In 2014 local metal detectorist David Bartholomew (along with colleagues) found 59 Edward I silver pennies near Drumelzier by the Tweed. The wider landscape here is rich in archaeological activity with sites from prehistory as well as the medieval site of Tinnis Castle built into an early medieval hillfort.
The coin hoard was reported through the appropriate channels and has been through the Treasure Trove process, meaning that it can be fully analysed and interpreted, and reported on in due course. While that is still in progress, Uncovering the Tweed recently worked with local participants to undertake geophysical survey in the environs of the coin findspot to better understand the context of the find. Do the coins represent a lost purse spread around by later ploughing or a more deliberate hidden deposit?
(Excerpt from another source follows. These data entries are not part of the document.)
lemma shift_wandering_independent_exists:
  assumes "enat k \<le> n"
  shows "\<exists>f. (\<forall>i<k. f i \<in> shift_wandering n) \<and> array_independent k f"
proof (intro exI conjI allI impI)
  define e where "e i a b = (if a = 0 \<and> b = i then 1 else (0::complex))" for i a b :: nat
  show "e i \<in> shift_wandering n" if "i < k" for i
  proof -
    have "ell2_sq (e i) summable_on UNIV"
      by (rule infsum_single_support(1)[of "(0, i)"]) (auto simp: ell2_sq_def e_def split: if_splits)
    moreover have "enat i < n"
      using that assms by (meson enat_ord_simps(2) order_less_le_trans)
    ultimately show ?thesis
      by (auto simp: shift_wandering_def ell2n_def e_def ell2_sq_def)
  qed
  show "array_independent k e"
    unfolding array_independent_def
  proof (intro allI impI)
    fix c i
    assume "\<forall>a b. (\<Sum>i<k. c i * e i a b) = 0" and "i < k"
    moreover have "(\<Sum>l<k. c l * e l 0 i) = c i"
      using \<open>i < k\<close> by (simp add: e_def if_distrib cong: if_cong)
    ultimately show "c i = 0"
      by metis
  qed
qed

definition csubspace :: "'a::chilbert set \<Rightarrow> bool" where
  "csubspace S \<longleftrightarrow> 0 \<in> S \<and> (\<forall>x\<in>S. \<forall>y\<in>S. x + y \<in> S) \<and> (\<forall>c. \<forall>x\<in>S. scaleC c x \<in> S)"

definition wandering_space :: "('a::chilbert \<Rightarrow> 'a) \<Rightarrow> 'a set \<Rightarrow> 'a set" where
  "wandering_space T S = {x \<in> S. \<forall>y\<in>S. cinner x (T y) = 0}"

definition cindependent :: "nat \<Rightarrow> (nat \<Rightarrow> 'a::chilbert) \<Rightarrow> bool" where
  "cindependent k x \<longleftrightarrow> (\<forall>c. (\<Sum>i<k. scaleC (c i) (x i)) = 0 \<longrightarrow> (\<forall>i<k. c i = 0))"

definition has_independent_wandering :: "('a::chilbert \<Rightarrow> 'a) \<Rightarrow> 'a set \<Rightarrow> nat \<Rightarrow> bool" where
  "has_independent_wandering T S k \<longleftrightarrow> (\<exists>x. (\<forall>i<k. x i \<in> wandering_space T S) \<and> cindependent k x)"

lemma closed_csubspace_imp_csubspace: "closed_csubspace S \<Longrightarrow> csubspace S"
  by (simp add: csubspace_def closed_csubspace_def)

lemma csubspace_sum:
  fixes k :: nat
  assumes "csubspace S" and "\<forall>i<k. x i \<in> S"
  shows "(\<Sum>i<k. scaleC (c i) (x i)) \<in> S"
  using assms(2) by (induction k) (use assms(1) in \<open>auto simp: csubspace_def\<close>)

lemma cindependent_image:
  assumes "bop J" "inj J" and "cindependent k x"
  shows "cindependent k (\<lambda>i. J (x i))"
  unfolding cindependent_def
proof (intro allI impI)
  fix c i
  assume "(\<Sum>i<k. scaleC (c i) (J (x i))) = 0" and "i < k"
  then have "J (\<Sum>i<k. scaleC (c i) (x i)) = J 0"
    by (simp add: bop_sum[OF \<open>bop J\<close>] bop_zero[OF \<open>bop J\<close>])
  then have "(\<Sum>i<k. scaleC (c i) (x i)) = 0"
    using \<open>inj J\<close> by (simp add: inj_eq)
  then show "c i = 0"
    using \<open>cindependent k x\<close> \<open>i < k\<close> by (simp add: cindependent_def)
qed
Resistivity survey is a technique that measures electrical resistance below the ground and is good at picking up sub-surface anomalies such as buried ditches (low resistance) and walls (high resistance).
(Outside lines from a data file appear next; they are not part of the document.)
theorem mainTheorem1:
  fixes a kinv m lam :: real and q0 :: "real \<Rightarrow> real" and psi2 dpsi2 :: "real \<Rightarrow> complex"
  assumes "a > 0" and "kinv \<ge> 0" and "m \<ge> 0"
    and "q0 \<in> borel_measurable (lebesgue_on {0..1})"
    and "\<exists>B. AE x in lebesgue_on {0..1}. \<bar>q0 x\<bar> \<le> B"
    and "AE x in lebesgue_on {0..1}. q0 x = q0 (1 - x)"
    and "lam \<notin> Sigma0 a (a * kinv) q0"
    and "is_sol a q0 lam psi2 dpsi2"
    and "psi2 0 - complex_of_real (a * kinv) * dpsi2 0 = 0"
    and "psi2 1 + complex_of_real (a * kinv) * dpsi2 1 = 1"
  shows "dpsi2 0 \<noteq> 0 \<and>
    ((\<exists>th1\<in>{-pi..pi}. \<exists>th2\<in>{-pi..pi}. in_spec_theta a (a * kinv) m q0 th1 th2 lam) \<longleftrightarrow>
     (\<exists>th1\<in>{-pi..pi}. \<exists>th2\<in>{-pi..pi}. \<exists>s\<in>{1::real, -1}.
        dpsi2 1 / dpsi2 0 - complex_of_real (lam * m) / (3 * complex_of_real a * dpsi2 0)
          = complex_of_real (s * cmod (S th1 th2) / 3)))"
proof -
  have dpsi2_0: "dpsi2 0 \<noteq> 0"
  proof
    assume dpsi2_0: "dpsi2 0 = 0"
    then have "psi2 0 = 0"
      using assms(9) by simp
    moreover obtain B where "AE x in lebesgue_on {0..1}. \<bar>q0 x\<bar> \<le> B"
      using assms(5) by blast
    ultimately have "psi2 1 = 0 \<and> dpsi2 1 = 0"
      using is_sol_initial_zero_imp_zero[OF assms(8) _ dpsi2_0] by auto
    with assms(10) show False
      by simp
  qed
  have "in_spec_theta a (a * kinv) m q0 th1 th2 lam \<longleftrightarrow>
      (\<exists>s\<in>{1::real, -1}. dpsi2 1 / dpsi2 0 - complex_of_real (lam * m) / (3 * complex_of_real a * dpsi2 0)
        = complex_of_real (s * cmod (S th1 th2) / 3))" for th1 th2
    using in_spec_theta_symmetric_iff[OF assms(7) _ assms(6,8-10) dpsi2_0] assms(1) by simp
  with dpsi2_0 show ?thesis
    by simp
qed

end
Survey undertaken by participants over two days unfortunately did not pick up any anomalies that could represent buried archaeological structures, only geological variation including identification of a paleochannel probably relating to a watercourse nearby re-routed during more recent agricultural improvements. A negative result like this is still useful information, perhaps it indicates that the coins are not deposited within any formal structure, rather deposited in open pasture land, near a stream, sometime in the medieval period.